I can run the code up to the Bridge_GetConfiguredDefaultsImplementationPointer call in the debugger, and the contents of the configs vector look correct in the debugger.
Back in the library, in the first sub function, where the debugger don't shine, I've broken down the failing statement into several console prints.
System::String^ temp
List<CConfig^>^ configs = gcnew List<CConfig ^>((INT32)newConfigs.size());
for( int i = 0; i< newConfigs.size(); i++)
{
std::cout << newConfigs[i].aye<< std::flush; // prints
std::cout << newConfigs[i].aye.c_str() << std::flush; // prints
temp = gcnew System::String(newConfigs[i].aye.c_str());
System::Console::WriteLine(temp); // prints
std::cout << "Testing string creation" << std::endl; // prints
std::cout << newConfigs[i].bee << std::flush; // crashes here
}
I get the same exception on access of bee if I move the newConfigs[i].bee out above the assignment of temp or comment out the list declaration/assignment.
Just for reference that the std::string in a struct in a vector should have arrived at it's destination ok
Is std::vector copying the objects with a push_back?
std::string in struct - Copy/assignment issues?
http://www.cplusplus.com/reference/vector/vector/operator=/
Assign one struct to another in C
Why this exception is not caught by my try/catch
https://stackoverflow.com/a/918891/2091951
Generic AccessViolationException related questions
How to handle AccessViolationException
Programs randomly getting System.AccessViolationException
https://connect.microsoft.com/VisualStudio/feedback/details/819552/visual-studio-debugger-throws-accessviolationexception
finding the cause of System.AccessViolationException
https://msdn.microsoft.com/en-us/library/ms164911.aspx
Catching access violation exceptions?
AccessViolationException when using C++ DLL from C#
Suggestions in above questions
Change to .net 3.5, change target platform - these solutions could have serious issues with a large mult-project solution.

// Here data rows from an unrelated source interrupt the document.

(* Let $\alpha>0$, $R>0$ and $B>R$ be fixed. For $n\ge 1$ observe $X^{(n)}$ from the Gaussian white noise model $dX^{(n)}(t)=f(t)\,dt+n^{-1/2}\,dW(t)$, $t\in[0,1]$, where $W$ is a standard Brownian motion and $f\in L^\infty[0,1]$. Equivalently one observes $x_{lk}=\int_0^1\psi_{lk}\,dX^{(n)}=f_{lk}+n^{-1/2}\varepsilon_{lk}$, $l\ge0$, $0\le k\le 2^l-1$, where $f_{lk}=\langle f,\psi_{lk}\rangle_2$ and the $\varepsilon_{lk}$ are i.i.d. $N(0,1)$. Suppose the true function $f_0$ satisfies $$\sup_{l\ge0,\,0\le k\le 2^l-1}2^{l(1/2+\alpha)}|f_{0,lk}|\le R .$$ Let the prior $\Pi$ on $f$ make the coefficients $f_{lk}$ independent, $f_{lk}$ having Lebesgue density $x\mapsto\sigma_l^{-1}\varphi(x/\sigma_l)$ on $\mathbb{R}$, where $\varphi(x)=\frac{1}{2B}\mathbf{1}_{[-B,B]}(x)$ and $\sigma_l=2^{-l(1/2+\alpha)}$. Then there exists $M>0$ such that for all $n\ge2$, $$E_{f_0}^n\int\|f-f_0\|_\infty\,d\Pi(f\mid X^{(n)})\le M\Big(\frac{\log n}{n}\Big)^{\alpha/(2\alpha+1)} .$$
   Context: $\{\psi_{lk}: l\ge0,\ 0\le k\le 2^l-1\}$ is the boundary-corrected wavelet basis of $L^2[0,1]$ of Cohen–Daubechies–Vial (relabelled so that levels start at $l=0$), chosen sufficiently regular: it is an orthonormal basis of $L^2[0,1]$; $\psi_{lk}$ is supported in a set of diameter at most a constant times $2^{-l}$; $\|\psi_{lk}\|_\infty\lesssim 2^{l/2}$; $\|\sum_k|\psi_{lk}|\|_\infty\lesssim 2^{l/2}$; each $\psi_{lk}$ is Hölder of order $S\ge\alpha$. $\langle\cdot,\cdot\rangle_2$ is the $L^2[0,1]$ inner product. $\Pi(\cdot\mid X^{(n)})$ denotes the posterior distribution and $E_{f_0}^n$ expectation under the law of $X^{(n)}$ when $f=f_0$. *)

theory Defs
  imports "HOL-Probability.Probability"
begin

definition wav_idx :: "(nat \<times> nat) set" where
  "wav_idx = {(l, k). k < 2 ^ l}"

definition holder01 :: "real \<Rightarrow> (real \<Rightarrow> real) \<Rightarrow> bool" where
  "holder01 S g \<longleftrightarrow> (\<exists>(m::nat) (D::nat \<Rightarrow> real \<Rightarrow> real) (C::real).
      real m < S \<and> S \<le> real m + 1 \<and>
      (\<forall>t\<in>{0..1}. D 0 t = g t) \<and>
      (\<forall>j<m. \<forall>t\<in>{0..1}. (D j has_real_derivative D (Suc j) t) (at t within {0..1})) \<and>
      (\<forall>s\<in>{0..1}. \<forall>t\<in>{0..1}. \<bar>D m s - D m t\<bar> \<le> C * \<bar>s - t\<bar> powr (S - real m)))"

text \<open>Standing assumptions on the (boundary-corrected, CDV) wavelet basis, with regularity S.\<close>
definition wavelet_basis :: "(nat \<Rightarrow> nat \<Rightarrow> real \<Rightarrow> real) \<Rightarrow> real \<Rightarrow> bool" where
  "wavelet_basis \<psi> S \<longleftrightarrow>
     (\<forall>l k. \<psi> l k \<in> borel_measurable lborel) \<and>
     (\<forall>l k. k < 2 ^ l \<longrightarrow> set_integrable lborel {0..1} (\<lambda>t. (\<psi> l k t)\<^sup>2)) \<and>
     \<comment> \<open>orthonormality in L2[0,1]\<close>
     (\<forall>l k l' k'. k < 2 ^ l \<longrightarrow> k' < 2 ^ l' \<longrightarrow>
        (LINT t:{0..1}|lborel. \<psi> l k t * \<psi> l' k' t) = (if (l, k) = (l', k') then 1 else 0)) \<and>
     \<comment> \<open>completeness in L2[0,1]\<close>
     (\<forall>g. g \<in> borel_measurable lborel \<longrightarrow> set_integrable lborel {0..1} (\<lambda>t. (g t)\<^sup>2) \<longrightarrow>
        (\<forall>l k. k < 2 ^ l \<longrightarrow> (LINT t:{0..1}|lborel. g t * \<psi> l k t) = 0) \<longrightarrow>
        (AE t in lborel. t \<in> {0..1} \<longrightarrow> g t = 0)) \<and>
     (\<exists>C>0.
        \<comment> \<open>support of diameter \<lesssim> 2^-l\<close>
        (\<forall>l k. k < 2 ^ l \<longrightarrow> (\<exists>a b. b - a \<le> C * 2 powr (- real l) \<and>
            (\<forall>t\<in>{0..1}. \<psi> l k t \<noteq> 0 \<longrightarrow> t \<in> {a..b}))) \<and>
        \<comment> \<open>sup-norm bound\<close>
        (\<forall>l k. k < 2 ^ l \<longrightarrow> (\<forall>t\<in>{0..1}. \<bar>\<psi> l k t\<bar> \<le> C * 2 powr (real l / 2))) \<and>
        \<comment> \<open>bound on the sum over k of |psi_lk|\<close>
        (\<forall>l. \<forall>t\<in>{0..1}. (\<Sum>k<2 ^ l. \<bar>\<psi> l k t\<bar>) \<le> C * 2 powr (real l / 2))) \<and>
     \<comment> \<open>regularity\<close>
     (\<forall>l k. k < 2 ^ l \<longrightarrow> holder01 S (\<psi> l k))"

definition wcoef :: "(nat \<Rightarrow> nat \<Rightarrow> real \<Rightarrow> real) \<Rightarrow> (real \<Rightarrow> real) \<Rightarrow> nat \<Rightarrow> nat \<Rightarrow> real" where
  "wcoef \<psi> f l k = (LINT t:{0..1}|lborel. f t * \<psi> l k t)"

HandleProcessCorruptedStateExceptions - does not work in C++, this decoration is for C#, catching this error could be a very bad idea anyway
Change legacyCorruptedStateExceptionsPolicy - this is about catching the error, not preventing it
Install .NET 4.5.2 - can't, already have 4.6.1. Installing 4.6.2 did not help. Recompiling on a different machine that didn't have 4.5 or 4.6 installed did not help. (Despite this used to compile and run on my machine before installing Visual Studio 2013, which strongly suggests the .NET library is an issue?)
VSDebug_DisableManagedReturnValue - I only see this mentioned in relation to a specific crash in the debugger, and the help from Microsoft says that other AccessViolationException issues are likely unrelated. (http://connect.microsoft.com/VisualStudio/feedbackdetail/view/819552/visual-studio-debugger-throws-accessviolationexception)
Change Comodo Firewall settings - I don't use this software
Change all the code to managed memory - Not an option. The overall design of calling C# from C++ through C++/CLI is resistant to change. I was specifically asked to design it this way to leverage existing C# code from existing C++ code.
Make sure memory is allocated - memory should be allocated on the stack in the C++ client. I've attempted to make the vector be not a reference parameter, to force a vector copy into explicitly library controlled memory space, did not help.
"Access violations in unmanaged code that bubble up to managed code are always wrapped in an AccessViolationException." - Fact, not a solution.
but it was the mismatch, not the specific version that was the problem
Yes, that's black letter law in VS. You unfortunately just missed the counter-measures that were built into VS2012 to turn this mistake into a diagnosable linker error. Previously (and in VS2010), the CRT would allocate its own heap with HeapAlloc(). Now (in VS2013), it uses the default process heap, the one returned by the GetProcessHeap().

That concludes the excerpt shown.